SQLite was chosen because it’s zero-dependency, handles concurrent readers, and gives Canopy’s dependency graph queries predictable performance.

Tantivy is a Rust-native full-text search library (similar to Lucene). When you run --with-search, Canopy chunks each source file into function/class/block segments and indexes them. The tokenizer is camelCase-aware: searching for payment matches processPayment, PaymentService, and payment_handler without wildcards.

Built only on request because it adds ~10–30 seconds to the initial index time and consumes more disk space (~20% of repo size in search index).

When --with-git is used, Canopy reads the git object database with the gix crate and stores commit metadata and blame records in SQLite. This powers:

  • canopy_git_history — last N commits touching a file
  • canopy_git_blame — per-line author and commit for a file range

canopy serve . starts the MCP server. It listens on stdin and writes to stdout using JSON-RPC 2.0. The MCP client (Claude Code, etc.) launches Canopy as a subprocess via the config in .mcp.json.

At MCP connection time (the initialize handshake), Canopy injects a block of behavioral instructions into the agent’s system prompt.

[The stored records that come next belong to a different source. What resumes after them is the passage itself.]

(* Let $\mathcal C$ be a category, $n\ge0$, and $T\in Z^n(\mathcal C)$. For any two degeneracy maps $f:X\to T$ and $g:Y\to T$ in $Z^n(\mathcal C)$ that are sent to the same map of $Z^n(1)$ by the functor $Z^n(\mathcal C)\to Z^n(1)$ (induced by the unique functor $\mathcal C\to 1$ to the terminal category), there exists an isomorphism $\varphi:X\to Y$ such that $f=g\circ\varphi$. In particular, $\mathrm{Deg}(T)$ is finite.
   Context: Notation: for $n\ge 0$, $[n]$ denotes $\{0,\dots,n-1\}$; $\Delta_+$ is the category of these finite total orders and order-preserving maps. For monotone $\psi:[n]\to[m]$ define $\hat\psi:[m+1]\to[n+1]$ by $\hat\psi(i)=\min(\{j\in[n]:\psi(j)\ge i\}\cup\{n\})$. Zigzags: in a category $\mathcal C$, a zigzag $X$ of length $n$ is a diagram $X(r_0)\xrightarrow{x_0} X(s_0)\xleftarrow{x'_0} X(r_1)\to\cdots\xrightarrow{x_{n-1}} X(s_{n-1})\xleftarrow{x'_{n-1}} X(r_n)$. A zigzag map $f:X\to Y$ (lengths $n$, $m$) consists of a monotone $f_s:[n]\to[m]$, regular slices $f(r_i):X(r_{\hat{f_s}(i)})\to Y(r_i)$ for $0\le i\le m$ and singular slices $f(s_j):X(s_j)\to Y(s_{f_s(j)})$ for $0\le j<n$, such that for each $0\le i<m$: if $f_s^{-1}(i)\neq\emptyset$ with least element $p$, greatest $q$, then $f(s_p)\circ x_p=y_i\circ f(r_i)$, $f(s_q)\circ x'_q=y'_i\circ f(r_{i+1})$, $f(s_j)\circ x'_j=f(s_{j+1})\circ x_{j+1}$ for $p\le j<q$; if $f_s^{-1}(i)=\emptyset$ then $y_i\circ f(r_i)=y'_i\circ f(r_{i+1})$. Composition: $(g\circ f)_s=g_s\circ f_s$, $(g\circ f)(s_j)=g(s_{f_s(j)})\circ f(s_j)$, $(g\circ f)(r_i)=g(r_i)\circ f(r_{\hat{g_s}(i)})$. This gives a category $Z(\mathcal C)$, functorial in $\mathcal C$ (a functor acts on all objects and slices); $Z^0(\mathcal C)=\mathcal C$, $Z^n(\mathcal C)=Z(Z^{n-1}(\mathcal C))$. $\pi:Z(\mathcal C)\to\Delta_+$ sends a zigzag of length $n$ to $[n]$ and $f$ to $f_s$; $f$ is $\pi$-vertical if $\pi(f)$ is an identity; $f:x\to y$ is $\pi$-cocartesian if for every $h:x\to y'$ and $u:\pi(y)\to\pi(y')$ with $u\circ\pi(f)=\pi(h)$ there is a unique $v:y\to y'$ with $v\circ f=h$, $\pi(v)=u$. Degeneracy maps in $Z^n(\mathcal C)$ (by induction on $n$): in $Z^0(\mathcal C)$ the isomorphisms; for $n\ge1$ the maps generated under composition by simple degeneracy maps (the $\pi$-cocartesian maps $f$ with $\pi(f)$ a monomorphism of $\Delta_+$) and parallel degeneracy maps (the $\pi$-vertical maps whose regular and singular slices are all degeneracy maps in $Z^{n-1}(\mathcal C)$). Degeneracy maps are monomorphisms; $\mathrm{Deg}(T)$ is the subposet of the subobject poset $\mathrm{Sub}(T)$ consisting of subobjects represented by a degeneracy map into $T$. *)

theory Defs
  imports Main
begin

record 'u cat =
  Ob  :: "'u set"
  Ar  :: "'u set"
  Dom :: "'u \<Rightarrow> 'u"
  Cod :: "'u \<Rightarrow> 'u"
  Idn :: "'u \<Rightarrow> 'u"
  Cmp :: "'u \<Rightarrow> 'u \<Rightarrow> 'u"   (* Cmp C g f = g o f *)

definition is_cat :: "'u cat \<Rightarrow> bool" where
  "is_cat C \<longleftrightarrow>
     (\<forall>f\<in>Ar C. Dom C f \<in> Ob C \<and> Cod C f \<in> Ob C) \<and>
     (\<forall>x\<in>Ob C. Idn C x \<in> Ar C \<and> Dom C (Idn C x) = x \<and> Cod C (Idn C x) = x) \<and>
     (\<forall>f\<in>Ar C. \<forall>g\<in>Ar C. Cod C f = Dom C g \<longrightarrow>
        Cmp C g f \<in> Ar C \<and> Dom C (Cmp C g f) = Dom C f \<and> Cod C (Cmp C g f) = Cod C g) \<and>
     (\<forall>f\<in>Ar C. \<forall>g\<in>Ar C. \<forall>h\<in>Ar C. Cod C f = Dom C g \<longrightarrow> Cod C g = Dom C h \<longrightarrow>
        Cmp C h (Cmp C g f) = Cmp C (Cmp C h g) f) \<and>
     (\<forall>f\<in>Ar C. Cmp C (Idn C (Cod C f)) f = f \<and> Cmp C f (Idn C (Dom C f)) = f)"

definition isoC :: "'u cat \<Rightarrow> 'u \<Rightarrow> bool" where
  "isoC C f \<longleftrightarrow> f \<in> Ar C \<and> (\<exists>g\<in>Ar C. Dom C g = Cod C f \<and> Cod C g = Dom C f \<and>
      Cmp C g f = Idn C (Dom C f) \<and> Cmp C f g = Idn C (Cod C f))"

definition monic :: "'u cat \<Rightarrow> 'u \<Rightarrow> bool" where
  "monic C f \<longleftrightarrow> f \<in> Ar C \<and> (\<forall>g\<in>Ar C. \<forall>h\<in>Ar C.
      Cod C g = Dom C f \<longrightarrow> Cod C h = Dom C f \<longrightarrow> Dom C g = Dom C h \<longrightarrow>
      Cmp C f g = Cmp C f h \<longrightarrow> g = h)"

text \<open>At a: object or arrow of the base category.
  Zig rs ss xs ys: the zigzag r_0 -x_0-> s_0 <-x'_0- r_1 ... with rs = [r_0..r_n],
  ss = [s_0..s_{n-1}], xs = [x_0..x_{n-1}], ys = [x'_0..x'_{n-1}].
  Zmap X Y fs rsl ssl: zigzag map X -> Y with f_s = fs (as list of values),
  regular slices rsl = [f(r_0)..f(r_m)], singular slices ssl = [f(s_0)..f(s_{n-1})].\<close>

datatype 'a U = At 'a
  | Zig "'a U list" "'a U list" "'a U list" "'a U list"
  | Zmap "'a U" "'a U" "nat list" "'a U list" "'a U list"

fun zR :: "'a U \<Rightarrow> 'a U list" where "zR (Zig rs ss xs ys) = rs" | "zR _ = []"
fun zS :: "'a U \<Rightarrow> 'a U list" where "zS (Zig rs ss xs ys) = ss" | "zS _ = []"
fun zX :: "'a U \<Rightarrow> 'a U list" where "zX (Zig rs ss xs ys) = xs" | "zX _ = []"
fun zY :: "'a U \<Rightarrow> 'a U list" where "zY (Zig rs ss xs ys) = ys" | "zY _ = []"
definition zlen :: "'a U \<Rightarrow> nat" where "zlen X = length (zS X)"

fun mdom :: "'a U \<Rightarrow> 'a U" where "mdom (Zmap X Y fs rsl ssl) = X" | "mdom _ = undefined"
fun mcod :: "'a U \<Rightarrow> 'a U" where "mcod (Zmap X Y fs rsl ssl) = Y" | "mcod _ = undefined"
fun mS :: "'a U \<Rightarrow> nat list" where "mS (Zmap X Y fs rsl ssl) = fs" | "mS _ = []"
fun mR :: "'a U \<Rightarrow> 'a U list" where "mR (Zmap X Y fs rsl ssl) = rsl" | "mR _ = []"
fun mSl :: "'a U \<Rightarrow> 'a U list" where "mSl (Zmap X Y fs rsl ssl) = ssl" | "mSl _ = []"

definition hat :: "nat list \<Rightarrow> nat \<Rightarrow> nat" where
  "hat ps i = (LEAST j. j = length ps \<or> (j < length ps \<and> i \<le> ps ! j))"

definition zig_ok :: "'a U cat \<Rightarrow> 'a U \<Rightarrow> bool" where
  "zig_ok D X \<longleftrightarrow> (\<exists>rs ss xs ys. X = Zig rs ss xs ys \<and>
     length rs = Suc (length ss) \<and> length xs = length ss \<and> length ys = length ss \<and>
     set rs \<subseteq> Ob D \<and> set ss \<subseteq> Ob D \<and>
     (\<forall>i<length ss. xs!i \<in> Ar D \<and> Dom D (xs!i) = rs!i \<and> Cod D (xs!i) = ss!i \<and>
                     ys!i \<in> Ar D \<and> Dom D (ys!i) = rs!Suc i \<and> Cod D (ys!i) = ss!i))"

definition zmap_ok :: "'a U cat \<Rightarrow> 'a U \<Rightarrow> bool" where
  "zmap_ok D f \<longleftrightarrow> (\<exists>X Y fs rsl ssl. f = Zmap X Y fs rsl ssl \<and>
     zig_ok D X \<and> zig_ok D Y \<and>
     length fs = zlen X \<and> (\<forall>j<zlen X. fs!j < zlen Y) \<and> sorted fs \<and>
     length rsl = Suc (zlen Y) \<and> length ssl = zlen X \<and>
     (\<forall>i\<le>zlen Y. rsl!i \<in> Ar D \<and> Dom D (rsl!i) = zR X ! hat fs i \<and> Cod D (rsl!i) = zR Y ! i) \<and>
     (\<forall>j<zlen X. ssl!j \<in> Ar D \<and> Dom D (ssl!j) = zS X ! j \<and> Cod D (ssl!j) = zS Y ! (fs!j)) \<and>
     (\<forall>i<zlen Y.
        (if {j. j < zlen X \<and> fs!j = i} \<noteq> {} then
           (let p = Min {j. j < zlen X \<and> fs!j = i}; q = Max {j. j < zlen X \<and> fs!j = i} in
              Cmp D (ssl!p) (zX X ! p) = Cmp D (zX Y ! i) (rsl!i) \<and>
              Cmp D (ssl!q) (zY X ! q) = Cmp D (zY Y ! i) (rsl!Suc i) \<and>
              (\<forall>j. p \<le> j \<and> j < q \<longrightarrow> Cmp D (ssl!j) (zY X ! j) = Cmp D (ssl!Suc j) (zX X ! Suc j)))
         else Cmp D (zX Y ! i) (rsl!i) = Cmp D (zY Y ! i) (rsl!Suc i))))"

These instructions teach the agent:

  • Call canopy_prepare before modifying any file
  • Call canopy_validate after edits are complete
  • Use canopy_understand when encountering unfamiliar code
  • Use specific tools for targeted lookups vs workflow composites for typical tasks

This is why Canopy’s behavior in Claude Code is automatic without user prompting. The agent learns the correct usage pattern from Canopy’s own server instructions at the start of every session.

When the agent calls a tool, Canopy:

  1. Validates the input against the tool’s JSON Schema
  2. Runs the appropriate query against SQLite (and/or Tantivy)
  3. Returns a structured JSON result
  4. Logs the call to ~/.canopy/stats.json (local only, never transmitted)

All queries run in-process — there are no sub-processes or HTTP calls during normal tool operation.

Every architecture decision in Canopy optimizes for local-first operation:

  • SQLite over a network database — no latency, no authentication, no network dependency for queries
  • Static binary with bundled runtime — no Node.js, no Python, no JVM to install or version-manage
  • Incremental index — re-indexing fits into a normal development loop without blocking the agent

The tradeoff is that Canopy doesn’t sync across machines by default. Each machine has its own index. Team tier adds CI cache support for sharing indexes across CI runs.